A 20 cm square sample cut from the previously obtained sheet (S1) was immersed in this polyurethane resin solution and impregnated with resin. It was sandwiched between the two and hung for 3 minutes and left to stand. Subsequently, it was immersed in a coagulation solution with a DMF concentration of 30 wt %, and then immersed in water for coagulation.

The sample thus obtained was dried with hot air at 120° C. to produce a composite layer (C1) consisting of a fiber layer and a porous material-containing fiber layer.

The composite layer (C1) had an apparent density of 0.008 g/cm ³ and a thickness of 8 mm, and was bulky and lightweight. The ratio (X/Y) of the thickness X of the fibrous layer to the thickness Y of the porous body-containing fibrous layer was 0.11, and many loop-shaped exposed portions of the fibrous base material were observed on the surface layer. The average pore diameter of the porous body was 115 μm, and semi-open cells were formed.

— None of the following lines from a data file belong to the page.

(* Let $G$ be any finite forest (acyclic graph) with vertex set $[n]=\{1,\ldots,n\}$, let $H\subseteq[n]$ be arbitrary, and let $p\in(0,1)$. Then for all $u,v\in[n]$, \[ \mathbb{P}_{H,p}^G\big(u^+\leftrightarrow v^+\big)\ge \mathbb{P}_{H,p}^G\big(u^+\leftrightarrow v^-\big). \]
   Context: Bunkbed setup: for a finite graph $G$ with vertex labels $[n]$, take two copies $G^+$ and $G^-$, with vertex sets $[n]^+=\{1^+,\ldots,n^+\}$ and $[n]^-=\{1^-,\ldots,n^-\}$ and edge sets $E^+$ and $E^-$ (the copies of the edges of $G$). Given $H\subseteq[n]$, form the graph $G^\pm$ with vertex set $[n]^+\cup[n]^-$ and edge set $E^+\cup E^-\cup\{\{v^+,v^-\}: v\in H\}$. $\mathbb{P}^G_{H,p}$ is the law under which each edge of $E^+\cup E^-$ is open independently with probability $p$, and every edge $\{v^+,v^-\}$ with $v\in H$ is always open. The event $\{x\leftrightarrow y\}$ means there is a path of open edges from $x$ to $y$ in $G^\pm$. *)

theory Defs
  imports Complex_Main
begin

definition simple_graph_on :: "nat \<Rightarrow> nat set set \<Rightarrow> bool" where
  "simple_graph_on n E \<longleftrightarrow> (\<forall>e\<in>E. e \<subseteq> {1..n} \<and> card e = 2)"

definition is_cycle :: "nat set set \<Rightarrow> nat list \<Rightarrow> bool" where
  "is_cycle E vs \<longleftrightarrow> length vs \<ge> 3 \<and> distinct vs \<and>
     (\<forall>i. Suc i < length vs \<longrightarrow> {vs ! i, vs ! Suc i} \<in> E) \<and>
     {last vs, hd vs} \<in> E"

definition forest_on :: "nat \<Rightarrow> nat set set \<Rightarrow> bool" where
  "forest_on n E \<longleftrightarrow> simple_graph_on n E \<and> (\<nexists>vs. is_cycle E vs)"

text \<open>Vertices of the bunkbed graph are pairs (v, b); b = True is the copy v^+, b = False is v^-.
  An edge configuration S is a set of open edges of E^+ \<union> E^-, where (e, b) denotes the copy of e
  in layer b. Posts {v^+, v^-} for v \<in> H are always open.\<close>
definition bb_adj :: "nat set \<Rightarrow> (nat set \<times> bool) set \<Rightarrow> (nat \<times> bool) \<Rightarrow> (nat \<times> bool) \<Rightarrow> bool" where
  "bb_adj H S x y \<longleftrightarrow>
     (snd x = snd y \<and> fst x \<noteq> fst y \<and> ({fst x, fst y}, snd x) \<in> S) \<or>
     (fst x = fst y \<and> fst x \<in> H \<and> snd x \<noteq> snd y)"

definition bb_connected :: "nat set \<Rightarrow> (nat set \<times> bool) set \<Rightarrow> (nat \<times> bool) \<Rightarrow> (nat \<times> bool) \<Rightarrow> bool" where
  "bb_connected H S x y \<longleftrightarrow> (bb_adj H S)\<^sup>*\<^sup>* x y"

text \<open>P^G_{H,p}(x <-> y): each of the edges of E^+ \<union> E^- open independently with probability p.\<close>
definition bb_prob :: "nat set set \<Rightarrow> nat set \<Rightarrow> real \<Rightarrow> (nat \<times> bool) \<Rightarrow> (nat \<times> bool) \<Rightarrow> real" where
  "bb_prob E H p x y =
     (\<Sum>S\<in>Pow (E \<times> (UNIV::bool set)).
        (if bb_connected H S x y then p ^ card S * (1 - p) ^ (card (E \<times> (UNIV::bool set)) - card S) else 0))"
lemma sum_nth_distinct: "distinct ds \<Longrightarrow> (\<Sum>i<length ds. g (ds ! i)) = (\<Sum>d\<in>set ds. g d)"
  by (simp add: sum.distinct_set_conv_list sum_list_sum_nth atLeast0LessThan)

lemma atom_coeff_esum_distinct:
  assumes "distinct ds"
  shows "atom_coeff (esum (length ds) (\<lambda>i. ESmul (f (ds ! i)) (EGen (ds ! i)))) (EGen b) =
         (if b \<in> set ds then f b else 0)"
proof -
  have "atom_coeff (esum (length ds) (\<lambda>i. ESmul (f (ds ! i)) (EGen (ds ! i)))) (EGen b) =
        (\<Sum>i<length ds. (\<lambda>d. if d = b then f d else 0) (ds ! i))"
    by (auto simp: atom_coeff_esum intro!: sum.cong)
  also have "\<dots> = (\<Sum>d\<in>set ds. if d = b then f d else 0)"
    using assms by (rule sum_nth_distinct)
  finally show ?thesis by (simp add: sum.delta')
qed

locale free_module = lie_algebra M for M :: "('r::comm_ring_1, 'm) liealg" +
  fixes q :: nat and B :: "'m set"
  assumes free_basis: "free_basis M q B"
begin

lemma basis_subset: "B \<subseteq> lcarrier M"
  using free_basis unfolding free_basis_def by blast

lemma spanned_by_basis: "A \<in> lcarrier M \<Longrightarrow> \<exists>e. expr_over B e \<and> interp M e = A"
proof -
  assume "A \<in> lcarrier M"
  then obtain xs where xs: "set (map snd xs) \<subseteq> B" "A = lincomb M xs"
    using free_basis unfolding free_basis_def by blast
  then have "expr_over B (lincomb_expr xs) \<and> interp M (lincomb_expr xs) = A"
    using basis_subset lincomb_eq_interp by (auto simp: expr_over_def atoms_lincomb_expr)
  then show ?thesis by blast
qed

lemma independent_mod_q:
  "set (map snd xs) \<subseteq> B \<Longrightarrow> distinct (map snd xs) \<Longrightarrow> lincomb M xs = lzero M \<Longrightarrow>
   c \<in> set (map fst xs) \<Longrightarrow> (of_nat q :: 'r) dvd c"
  using free_basis unfolding free_basis_def by blast

lemma coeffs_dvd_if_interp_zero:
  assumes e: "expr_over B e" and zero: "interp M e = lzero M"
  shows "(of_nat q :: 'r) dvd atom_coeff e (EGen b)"
proof -
  have "finite (EGen -` set (atoms e))" by (rule finite_vimageI) (simp_all add: inj_def)
  then obtain ds where ds: "distinct ds" "set ds = EGen -` set (atoms e)"
    by (metis finite_distinct_list)
  define xs where "xs = map (\<lambda>d. (atom_coeff e (EGen d), d)) ds"
  have snd_xs: "map snd xs = ds" by (simp add: xs_def o_def)
  have dsB: "set ds \<subseteq> B" using e ds(2) by (auto simp: expr_over_def)
  have "atom_coeff (lincomb_expr xs) = atom_coeff e"
  proof
    fix t
    show "atom_coeff (lincomb_expr xs) t = atom_coeff e t"
    proof (cases "t \<in> range EGen")
      case True
      then obtain d where t: "t = EGen d" by blast
      show ?thesis
        using ds atom_coeff_notin_atoms[of t e]
        by (simp add: t xs_def atom_coeff_lincomb_expr_distinct)
    next
      case False
      then have "t \<notin> set (atoms (lincomb_expr xs))" "t \<notin> set (atoms e)"
        using e by (auto simp: xs_def atoms_lincomb_expr expr_over_def)
      then show ?thesis by (simp add: atom_coeff_notin_atoms)
    qed
  qed
  moreover have "set (map snd xs) \<subseteq> lcarrier M" using dsB basis_subset snd_xs by simp
  ultimately have "lincomb M xs = interp M e"
    using lincomb_eq_interp interp_eq_if_atom_coeff_eq by metis
  then have "lincomb M xs = lzero M" using zero by simp
  then have "(of_nat q :: 'r) dvd c" if "c \<in> set (map fst xs)" for c
    using independent_mod_q[of xs c, unfolded snd_xs] that dsB ds(1) by blast
  then show ?thesis
    using ds(2) atom_coeff_notin_atoms[of "EGen b" e]
    by (cases "EGen b \<in> set (atoms e)") (auto simp: xs_def)
qed

lemma coeff_diff_dvd_if_interp_eq:
  assumes "expr_over B e" "expr_over B e'" "interp M e = interp M e'"
  shows "(of_nat q :: 'r) dvd (atom_coeff e (EGen b) - atom_coeff e' (EGen b))"
proof -
  have "interp M (EAdd e (ESmul (-1) e')) = lzero M"
    using assms(3) add_neg interp_closed by simp
  then have "(of_nat q :: 'r) dvd atom_coeff (EAdd e (ESmul (-1) e')) (EGen b)"
    using assms(1,2) by (intro coeffs_dvd_if_interp_zero) (auto simp: expr_over_def)
  then show ?thesis by simp
qed

definition basis_expr :: "'m \<Rightarrow> ('r, 'm) expr" where
  "basis_expr A = (SOME e. expr_over B e \<and> interp M e = A)"

lemma basis_expr: "A \<in> lcarrier M \<Longrightarrow> expr_over B (basis_expr A) \<and> interp M (basis_expr A) = A"
  unfolding basis_expr_def using spanned_by_basis by (rule someI_ex)

definition coord :: "'m \<Rightarrow> 'm \<Rightarrow> 'r" where
  "coord b A = atom_coeff (basis_expr A) (EGen b)"

definition support :: "'m \<Rightarrow> 'm set" where
  "support A = EGen -` set (atoms (basis_expr A))"

lemma support_subset: "A \<in> lcarrier M \<Longrightarrow> support A \<subseteq> B"
  using basis_expr unfolding support_def expr_over_def by blast

lemma finite_support: "finite (support A)"
  unfolding support_def by (rule finite_vimageI) (simp_all add: inj_def)

lemma coord_eq_zero: "b \<notin> support A \<Longrightarrow> coord b A = 0"
  unfolding coord_def support_def by (simp add: atom_coeff_notin_atoms)

lemma coord_dvd_diff:
  assumes "A \<in> lcarrier M" "expr_over B e" "interp M e = A"
  shows "(of_nat q :: 'r) dvd (coord b A - atom_coeff e (EGen b))"
  unfolding coord_def using assms basis_expr by (intro coeff_diff_dvd_if_interp_eq) auto

lemma coord_add:
  assumes "A \<in> lcarrier M" "A' \<in> lcarrier M"
  shows "(of_nat q :: 'r) dvd (coord b (ladd M A A') - (coord b A + coord b A'))"
  using coord_dvd_diff[of "ladd M A A'" "EAdd (basis_expr A) (basis_expr A')" b] assms basis_expr
  by (simp add: expr_over_def closed coord_def)

lemma coord_smult:
  assumes "A \<in> lcarrier M"
  shows "(of_nat q :: 'r) dvd (coord b (lsmult M r A) - r * coord b A)"
  using coord_dvd_diff[of "lsmult M r A" "ESmul r (basis_expr A)" b] assms basis_expr
  by (simp add: expr_over_def closed coord_def)

lemma coord_zero: "(of_nat q :: 'r) dvd coord b (lzero M)"
  using coord_dvd_diff[of "lzero M" EZero b] by (simp add: expr_over_def zero_closed)

lemma interp_coords:
  assumes A: "A \<in> lcarrier M" and ds: "distinct ds" "support A \<subseteq> set ds"
  shows "interp M (esum (length ds) (\<lambda>i. ESmul (coord (ds ! i) A) (EGen (ds ! i)))) = A"
proof -
  have "atom_coeff (esum (length ds) (\<lambda>i. ESmul (coord (ds ! i) A) (EGen (ds ! i)))) =
        atom_coeff (basis_expr A)"
  proof
    fix t
    show "atom_coeff (esum (length ds) (\<lambda>i. ESmul (coord (ds ! i) A) (EGen (ds ! i)))) t =
          atom_coeff (basis_expr A) t"
    proof (cases "t \<in> range EGen")
      case True
      then obtain d where t: "t = EGen d" by blast
      have "atom_coeff (esum (length ds) (\<lambda>i. ESmul (coord (ds ! i) A) (EGen (ds ! i)))) (EGen d) =
            (if d \<in> set ds then coord d A else 0)"
        by (rule atom_coeff_esum_distinct[OF ds(1)])
      also have "\<dots> = coord d A" using coord_eq_zero ds(2) by auto
      finally show ?thesis by (simp add: t coord_def)
    next
      case False
      then have "t \<notin> set (atoms (basis_expr A))"
        using basis_expr[OF A] by (auto simp: expr_over_def)
      moreover have "t \<noteq> EGen d" for d using False by blast
      ultimately show ?thesis by (simp add: atom_coeff_esum atom_coeff_notin_atoms)
    qed
  qed
  then show ?thesis using basis_expr[OF A] interp_eq_if_atom_coeff_eq by metis
qed

end

section \<open>Bilinear functionals on the tensor square of an abelian Lie algebra\<close>

lemma tsq_relE:
  assumes "(a, b) \<in> tsq_rel L q"
  obtains
    (junk) x where "a = EGen x" "b = EZero" "x \<notin> tsq_gens L q"
  | (r1a) r h g where "a = ESmul r (T h g)" "b = T (lsmult L r h) g"
      "h \<in> lcarrier L" "g \<in> lcarrier L"
  | (r1b) r h g where "a = ESmul r (T h g)" "b = T h (lsmult L r g)"
      "h \<in> lcarrier L" "g \<in> lcarrier L"
  | (r2) h h' g where "a = T (ladd L h h') g" "b = EAdd (T h g) (T h' g)"
      "h \<in> lcarrier L" "h' \<in> lcarrier L" "g \<in> lcarrier L"
  | (r3) h g g' where "a = T h (ladd L g g')" "b = EAdd (T h g) (T h g')"
      "h \<in> lcarrier L" "g \<in> lcarrier L" "g' \<in> lcarrier L"
  | (r4) h h' g where "a = T (lbr L h h') g"
      "b = EAdd (T h (lbr L h' g)) (ESmul (-1) (T h' (lbr L h g)))"
      "h \<in> lcarrier L" "h' \<in> lcarrier L" "g \<in> lcarrier L"
  | (r5) h g g' where "a = T h (lbr L g g')"
      "b = EAdd (T (lbr L g' h) g) (ESmul (-1) (T (lbr L g h) g'))"
      "h \<in> lcarrier L" "g \<in> lcarrier L" "g' \<in> lcarrier L"
  | (r6) h g h' g' where "a = EBrk (T h g) (T h' g')" "b = T (lbr L h g) (lbr L h' g')"
      "h \<in> lcarrier L" "g \<in> lcarrier L" "h' \<in> lcarrier L" "g' \<in> lcarrier L"
  | (r7) h' h g where "a = EBrk (Cu h') (T h g)"
      "b = EAdd (T (lbr L (lsmult L (of_nat q) h') h) g) (T h (lbr L (lsmult L (of_nat q) h') g))"
      "h' \<in> lcarrier L" "h \<in> lcarrier L" "g \<in> lcarrier L"
  | (r8) r r' h h' where "a = Cu (ladd L (lsmult L r h) (lsmult L r' h'))"
      "b = EAdd (ESmul r (Cu h)) (ESmul r' (Cu h'))"
  | (r9) h h' where "a = EBrk (Cu h) (Cu h')" "b = T (lsmult L (of_nat q) h) (lsmult L (of_nat q) h')"
      "h \<in> lcarrier L" "h' \<in> lcarrier L"
  | (r10) h g where "a = Cu (lbr L h g)" "b = ESmul (of_nat q) (T h g)"
      "h \<in> lcarrier L" "g \<in> lcarrier L"
  using assms unfolding tsq_rel_def by (auto split: if_splits)

definition linear_mod :: "('r::comm_ring_1, 'm) liealg \<Rightarrow> nat \<Rightarrow> ('m \<Rightarrow> 'r) \<Rightarrow> bool" where
  "linear_mod M q c \<longleftrightarrow>
     (\<forall>A\<in>lcarrier M. \<forall>A'\<in>lcarrier M. of_nat q dvd (c (ladd M A A') - (c A + c A'))) \<and>
     (\<forall>r. \<forall>A\<in>lcarrier M. of_nat q dvd (c (lsmult M r A) - r * c A)) \<and>
     of_nat q dvd c (lzero M)"

lemma (in free_module) linear_mod_coord: "linear_mod M q (coord b)"
  unfolding linear_mod_def using coord_add coord_smult coord_zero by blast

The sheet (S1) prepared earlier was used as a synthetic fiber layer, and this was combined with the composite layer (C1) to form a filling. The heat retention was 109%, which exceeded that of feathers.

As for the tactile sensation, the texture was supple and had good flexibility. Furthermore, regarding the handleability of the batting, there was no peeling feeling or change in appearance of the layers constituting the batting, and the integrity was maintained, so that the handleability was excellent. Table 1 shows the evaluation results.

[Example 2]
As the synthetic fiber layer, cotton (apparent density 0.006 g/cm ³ ) obtained by passing short fibers having a single filament fineness of 3 dtex and a fiber length of 32 mm through a cotton processing machine is used, and this and the composite layer obtained in Example 1 Combining (C1), a batting was produced and evaluated.

The heat retention was 106%, which exceeded that of feathers. As for the tactile sensation, the tactile sensation was supple and had good flexibility, and the tactile sensation was softer than that of Example 1. Furthermore, regarding the handling of the batting, there was no feeling of peeling of the layers that make up the batting, and although the cotton was biased after touching, it returned to its original shape, and the grainy cotton was on the composite layer (C1). was stably fixed to Table 1 shows the evaluation results.

[Example 3]
In the sheet (S1) of Example 1, hollow fibers (hollow ratio: 32%) having a fiber length of 64 mm and a single filament fineness of 6 dtex were used in place of the staple fibers (F1), and polyethylene terephthalate staple fibers with 4 crimps/25 mm were used. Using (F2), a sheet (S2) made of a staple fiber nonwoven fabric having an apparent density of 0.007 g/cm ³ was obtained. Using this sheet (S2) as the fiber base material of the porous body-containing fiber layer, a composite layer (C2) composed of the fiber layer and the porous body-containing fiber layer was produced in the same manner as in Example 1.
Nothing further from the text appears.